definition uniformization :: "('a \<Rightarrow> 'a \<Rightarrow> real) \<Rightarrow> real \<Rightarrow> 'a \<Rightarrow> 'a \<Rightarrow> real" where
  "uniformization G s x y = (if x = y then 1 else 0) + G x y / s"

lemma sum_choose_Suc_split:
  fixes d :: "nat \<Rightarrow> real"
  shows "(\<Sum>k\<le>Suc n. real (Suc n choose k) * r ^ (Suc n - k) * d k)
       = (\<Sum>k\<le>n. real (n choose k) * r ^ (n - k) * d (Suc k))
         + r * (\<Sum>k\<le>n. real (n choose k) * r ^ (n - k) * d k)"
proof -
  have "(\<Sum>k\<le>Suc n. real (Suc n choose k) * r ^ (Suc n - k) * d k)
     = r ^ Suc n * d 0 + (\<Sum>k\<le>n. real (n choose k) * r ^ (n - k) * d (Suc k))
        + (\<Sum>k\<le>n. real (n choose Suc k) * r ^ (n - k) * d (Suc k))"
    by (subst sum.atMost_Suc_shift) (simp add: sum.distrib algebra_simps)
  moreover have "r * (\<Sum>k\<le>n. real (n choose k) * r ^ (n - k) * d k)
      = (\<Sum>k\<le>Suc n. real (n choose k) * r ^ (Suc n - k) * d k)"
    by (simp add: sum_distrib_left Suc_diff_le algebra_simps)
  moreover have "\<dots> = r ^ Suc n * d 0 + (\<Sum>k\<le>n. real (n choose Suc k) * r ^ (n - k) * d (Suc k))"
    by (subst sum.atMost_Suc_shift) simp
  ultimately show ?thesis by simp
qed

text \<open>Writing \<open>G = s (M - I)\<close> with \<open>M = uniformization G s\<close>, the powers of \<open>G\<close> are
  binomial expansions in the powers of \<open>M\<close>.\<close>
lemma mat_pow_uniformization:
  assumes fin: "finite S" and y: "y \<in> S" and s: "s \<noteq> 0"
  shows "mat_pow S G n x y =
    (\<Sum>k\<le>n. real (n choose k) * (-s) ^ (n - k) * (s ^ k * mat_pow S (uniformization G s) k x y))"
  using y
proof (induction n arbitrary: y)
  case 0
  then show ?case by simp
next
  case (Suc n)
  define u where "u k w = mat_pow S (uniformization G s) k x w" for k w
  have step: "(\<Sum>z\<in>S. u k z * G z y) = s * u (Suc k) y - s * u k y" for k
  proof -
    have "(\<Sum>z\<in>S. u k z * G z y)
        = (\<Sum>z\<in>S. s * (u k z * uniformization G s z y) - (if z = y then s * u k y else 0))"
      by (rule sum.cong) (auto simp: uniformization_def s field_simps)
    also have "\<dots> = s * u (Suc k) y - s * u k y"
      using fin Suc.prems by (simp add: sum_subtractf sum_distrib_left u_def)
    finally show ?thesis .
  qed
  have "mat_pow S G (Suc n) x y
      = (\<Sum>z\<in>S. (\<Sum>k\<le>n. real (n choose k) * (-s) ^ (n - k) * (s ^ k * u k z)) * G z y)"
    using Suc.IH by (simp add: u_def)
  also have "\<dots> = (\<Sum>k\<le>n. real (n choose k) * (-s) ^ (n - k) * s ^ k * (\<Sum>z\<in>S. u k z * G z y))"
    by (simp add: sum_distrib_right sum_distrib_left mult.assoc sum.swap[of _ S])
  also have "\<dots> = (\<Sum>k\<le>n. real (n choose k) * (-s) ^ (n - k) * s ^ k * (s * u (Suc k) y - s * u k y))"
    by (simp only: step)
  also have "\<dots> = (\<Sum>k\<le>n. real (n choose k) * (-s) ^ (n - k) * (s ^ Suc k * u (Suc k) y))
        + (-s) * (\<Sum>k\<le>n. real (n choose k) * (-s) ^ (n - k) * (s ^ k * u k y))"
    by (simp add: sum_distrib_left sum.distrib[symmetric] algebra_simps)
  also have "\<dots> = (\<Sum>k\<le>Suc n. real (Suc n choose k) * (-s) ^ (Suc n - k) * (s ^ k * u k y))"
    by (rule sum_choose_Suc_split[symmetric])
  finally show ?case unfolding u_def .
qed

lemma abs_mat_pow_le:
  assumes fin: "finite S" and y: "y \<in> S"
  shows "\<bar>mat_pow S M k x y\<bar> \<le> (real (card S) * (\<Sum>z\<in>S. \<Sum>w\<in>S. \<bar>M z w\<bar>)) ^ k"
  using y
proof (induction k arbitrary: y)
  case 0
  then show ?case by simp
next
  case (Suc k)
  define m where "m = (\<Sum>z\<in>S. \<Sum>w\<in>S. \<bar>M z w\<bar>)"
  have m: "\<bar>M z w\<bar> \<le> m" if "z \<in> S" "w \<in> S" for z w
  proof -
    have "\<bar>M z w\<bar> \<le> (\<Sum>w\<in>S. \<bar>M z w\<bar>)"
      using fin that by (intro member_le_sum) auto
    also have "\<dots> \<le> m"
      unfolding m_def using fin that
      by (intro member_le_sum[of z S "\<lambda>z. \<Sum>w\<in>S. \<bar>M z w\<bar>"]) (auto intro: sum_nonneg)
    finally show ?thesis .
  qed
  have "0 \<le> m" unfolding m_def by (intro sum_nonneg) auto
  have "\<bar>mat_pow S M (Suc k) x y\<bar> \<le> (\<Sum>z\<in>S. \<bar>mat_pow S M k x z * M z y\<bar>)"
    by (simp add: sum_abs)
  also have "\<dots> \<le> (\<Sum>z\<in>S. (real (card S) * m) ^ k * m)"
    unfolding abs_mult using Suc.IH[folded m_def] m Suc.prems \<open>0 \<le> m\<close>
    by (intro sum_mono mult_mono) auto
  also have "\<dots> = (real (card S) * m) ^ Suc k" by (simp add: algebra_simps)
  finally show ?case unfolding m_def .
qed

lemma summable_norm_exp_series_mult:
  fixes f :: "nat \<Rightarrow> real"
  assumes "\<And>k. \<bar>f k\<bar> \<le> B ^ k"
  shows "summable (\<lambda>k. norm (x ^ k / fact k * f k))"
proof (rule summable_comparison_test)
  show "summable (\<lambda>k. inverse (fact k) * (\<bar>x\<bar> * B) ^ k)" by (rule summable_exp)
  have "norm (norm (x ^ k / fact k * f k)) \<le> inverse (fact k) * (\<bar>x\<bar> * B) ^ k" for k
  proof -
    have "norm (norm (x ^ k / fact k * f k)) = inverse (fact k) * (\<bar>x\<bar> ^ k * \<bar>f k\<bar>)"
      by (simp add: abs_mult power_abs divide_inverse)
    also have "\<dots> \<le> inverse (fact k) * (\<bar>x\<bar> ^ k * B ^ k)"
      using assms by (intro mult_left_mono) auto
    finally show ?thesis by (simp add: power_mult_distrib)
  qed
  then show "\<exists>N. \<forall>k\<ge>N. norm (norm (x ^ k / fact k * f k)) \<le> inverse (fact k) * (\<bar>x\<bar> * B) ^ k"
    by blast
qed

lemma summable_norm_mat_exp_series:
  assumes "finite S" "y \<in> S"
  shows "summable (\<lambda>n. norm (t ^ n / fact n * mat_pow S G n x y))"
  by (rule summable_norm_exp_series_mult[OF abs_mat_pow_le[OF assms]])

text \<open>\<open>exp (t G) = exp (- s t) exp (s t M)\<close>, via the Cauchy product of the two exponential
  series.\<close>
lemma mat_exp_series_uniformization:
  assumes fin: "finite S" and y: "y \<in> S" and s: "s \<noteq> 0"
  shows "(\<lambda>k. exp (- s * t) * ((s * t) ^ k / fact k * mat_pow S (uniformization G s) k x y))
           sums (\<Sum>n. t ^ n / fact n * mat_pow S G n x y)"
proof -
  define a where "a k = (s * t) ^ k / fact k * mat_pow S (uniformization G s) k x y" for k
  define b where "b k = (- s * t) ^ k / fact k" for k
  have a: "summable (\<lambda>k. norm (a k))"
    unfolding a_def by (rule summable_norm_mat_exp_series[OF fin y])
  have b: "summable (\<lambda>k. norm (b k))"
    unfolding b_def using summable_norm_exp_series_mult[of "\<lambda>_. 1" 1 "- s * t"] by simp
  have "b sums exp (- s * t)"
    unfolding b_def using exp_converges[of "- s * t"] by (simp add: divide_inverse mult.commute)
  then have suminf_b: "(\<Sum>k. b k) = exp (- s * t)" by (rule sums_unique[symmetric])
  have cauchy: "(\<Sum>i\<le>n. a i * b (n - i)) = t ^ n / fact n * mat_pow S G n x y" for n
  proof -
    have "t ^ n / fact n * mat_pow S G n x y
        = (\<Sum>k\<le>n. t ^ n / fact n * (real (n choose k) * (-s) ^ (n - k) *
             (s ^ k * mat_pow S (uniformization G s) k x y)))"
      unfolding mat_pow_uniformization[OF fin y s, of G n x] by (simp add: sum_distrib_left)
    also have "\<dots> = (\<Sum>k\<le>n. a k * b (n - k))"
    proof (rule sum.cong)
      fix k assume "k \<in> {..n}"
      then have "t ^ n = t ^ k * t ^ (n - k)" by (simp add: power_add[symmetric])
      moreover have "(- (s * t)) ^ (n - k) = (- s) ^ (n - k) * t ^ (n - k)"
        by (simp add: power_mult_distrib[symmetric])
      ultimately show "t ^ n / fact n * (real (n choose k) * (-s) ^ (n - k) *
          (s ^ k * mat_pow S (uniformization G s) k x y)) = a k * b (n - k)"
        using \<open>k \<in> {..n}\<close> by (simp add: a_def b_def binomial_fact power_mult_distrib field_simps)
    qed simp
    finally show ?thesis by simp
  qed
  have "(\<lambda>n. \<Sum>i\<le>n. a i * b (n - i)) sums ((\<Sum>k. a k) * (\<Sum>k. b k))"
    by (rule Cauchy_product_sums[OF a b])
  then have "(\<Sum>n. t ^ n / fact n * mat_pow S G n x y) = exp (- s * t) * (\<Sum>k. a k)"
    unfolding cauchy suminf_b by (simp add: sums_unique[symmetric] mult.commute)
  moreover have "(\<lambda>k. exp (- s * t) * a k) sums (exp (- s * t) * (\<Sum>k. a k))"
    by (intro sums_mult summable_sums summable_norm_cancel[OF a])
  ultimately show ?thesis unfolding a_def by simp
qed

lemma mat_pow_row_sum:
  assumes "finite S" "x \<in> S" "\<And>z. z \<in> S \<Longrightarrow> (\<Sum>y\<in>S. G z y) = 0"
  shows "(\<Sum>y\<in>S. mat_pow S G n x y) = (if n = 0 then 1 else 0)"
proof (cases n)
  case 0
  then show ?thesis using assms by simp
next
  case (Suc m)
  have "(\<Sum>y\<in>S. mat_pow S G (Suc m) x y) = (\<Sum>z\<in>S. \<Sum>y\<in>S. mat_pow S G m x z * G z y)"
    unfolding mat_pow.simps by (rule sum.swap)
  also have "\<dots> = (\<Sum>z\<in>S. mat_pow S G m x z * (\<Sum>y\<in>S. G z y))"
    by (simp add: sum_distrib_left)
  finally show ?thesis using Suc assms(3) by simp
qed

lemma mat_exp_series_row_sum:
  assumes fin: "finite S" and x: "x \<in> S" and G: "\<And>z. z \<in> S \<Longrightarrow> (\<Sum>y\<in>S. G z y) = 0"
  shows "(\<Sum>y\<in>S. \<Sum>n. t ^ n / fact n * mat_pow S G n x y) = 1"
proof -
  have "(\<Sum>y\<in>S. \<Sum>n. t ^ n / fact n * mat_pow S G n x y)
      = (\<Sum>n. t ^ n / fact n * (\<Sum>y\<in>S. mat_pow S G n x y))"
    unfolding sum_distrib_left
    by (rule suminf_sum[symmetric]) (rule summable_norm_cancel[OF summable_norm_mat_exp_series[OF fin]])
  also have "\<dots> = (\<Sum>n. if n = 0 then 1 else 0)"
    by (simp add: mat_pow_row_sum[OF fin x G] if_distrib cong: if_cong)
  also have "\<dots> = 1"
    using sums_single[of 0 "\<lambda>_. 1::real"] sums_unique by fastforce
  finally show ?thesis .
qed

section \<open>Weights of the uniformized walk\<close>

definition binomial_weight :: "real \<Rightarrow> nat \<Rightarrow> nat \<Rightarrow> real" where
  "binomial_weight c n d = real (n choose d) * c ^ d * (1 - c) ^ (n - d)"

lemma binomial_weight_Suc_Suc:
  "binomial_weight c (Suc n) (Suc d) = (1 - c) * binomial_weight c n (Suc d) + c * binomial_weight c n d"
proof -
  consider "d < n" | "d = n" | "n < d" by linarith
  then show ?thesis
  proof cases
    case 1
    then have "n - d = Suc (n - Suc d)" by simp
    then show ?thesis
      unfolding binomial_weight_def binomial_Suc_Suc of_nat_add diff_Suc_Suc
      by (simp add: algebra_simps)
  qed (simp_all add: binomial_weight_def binomial_eq_0)
qed

lemma binomial_weight_Suc_0: "binomial_weight c (Suc n) 0 = (1 - c) * binomial_weight c n 0"
  by (simp add: binomial_weight_def)

lemma binomial_weight_0_Suc: "binomial_weight c 0 (Suc d) = 0"
  by (simp add: binomial_weight_def)

definition negbinomial_weight :: "nat \<Rightarrow> real \<Rightarrow> real \<Rightarrow> nat \<Rightarrow> real" where
  "negbinomial_weight Q a b l = real ((l - 1) choose (Q - 1)) * b ^ Q * a ^ (l - Q)"

text \<open>Probability that the walk started at \<open>(j + x, Q)\<close> is at \<open>(j, 0)\<close> after \<open>k\<close> steps: product 2
  runs out at step \<open>l\<close>, and afterwards the remaining \<open>x + Q - l\<close> units of product 1 are removed
  by axis moves of probability \<open>c\<close>.\<close>
definition axis_weight :: "nat \<Rightarrow> real \<Rightarrow> real \<Rightarrow> real \<Rightarrow> nat \<Rightarrow> nat \<Rightarrow> real" where
  "axis_weight Q a b c k x =
     (\<Sum>l = Q..x + Q. if l \<le> k then negbinomial_weight Q a b l * binomial_weight c (k - l) (x + Q - l) else 0)"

** PROBLEM STATEMENT **
Only the lines above from the one with "0 + (\<Sum>k\<le>n. real (n choose Suc" through the one with "using Suc.IH by (simp add: u_def)" should be duplicated, character for character.

** ANSWER BELOW **
  moreover have "\<dots> = r ^ Suc n * d 0 + (\<Sum>k\<le>n. real (n choose Suc k) * r ^ (n - k) * d (Suc k))"
    by (subst sum.atMost_Suc_shift) simp
  ultimately show ?thesis by simp
qed

text \<open>Writing \<open>G = s (M - I)\<close> with \<open>M = uniformization G s\<close>, the powers of \<open>G\<close> are
  binomial expansions in the powers of \<open>M\<close>.\<close>
lemma mat_pow_uniformization:
  assumes fin: "finite S" and y: "y \<in> S" and s: "s \<noteq> 0"
  shows "mat_pow S G n x y =
    (\<Sum>k\<le>n. real (n choose k) * (-s) ^ (n - k) * (s ^ k * mat_pow S (uniformization G s) k x y))"
  using y
proof (induction n arbitrary: y)
  case 0
  then show ?case by simp
next
  case (Suc n)
  define u where "u k w = mat_pow S (uniformization G s) k x w" for k w
  have step: "(\<Sum>z\<in>S. u k z * G z y) = s * u (Suc k) y - s * u k y" for k
  proof -
    have "(\<Sum>z\<in>S. u k z * G z y)
        = (\<Sum>z\<in>S. s * (u k z * uniformization G s z y) - (if z = y then s * u k y else 0))"
      by (rule sum.cong) (auto simp: uniformization_def s field_simps)
    also have "\<dots> = s * u (Suc k) y - s * u k y"
      using fin Suc.prems by (simp add: sum_subtractf sum_distrib_left u_def)
    finally show ?thesis .
  qed
  have "mat_pow S G (Suc n) x y
      = (\<Sum>z\<in>S. (\<Sum>k\<le>n. real (n choose k) * (-s) ^ (n - k) * (s ^ k * u k z)) * G z y)"
    using Suc.IH by (simp add: u_def)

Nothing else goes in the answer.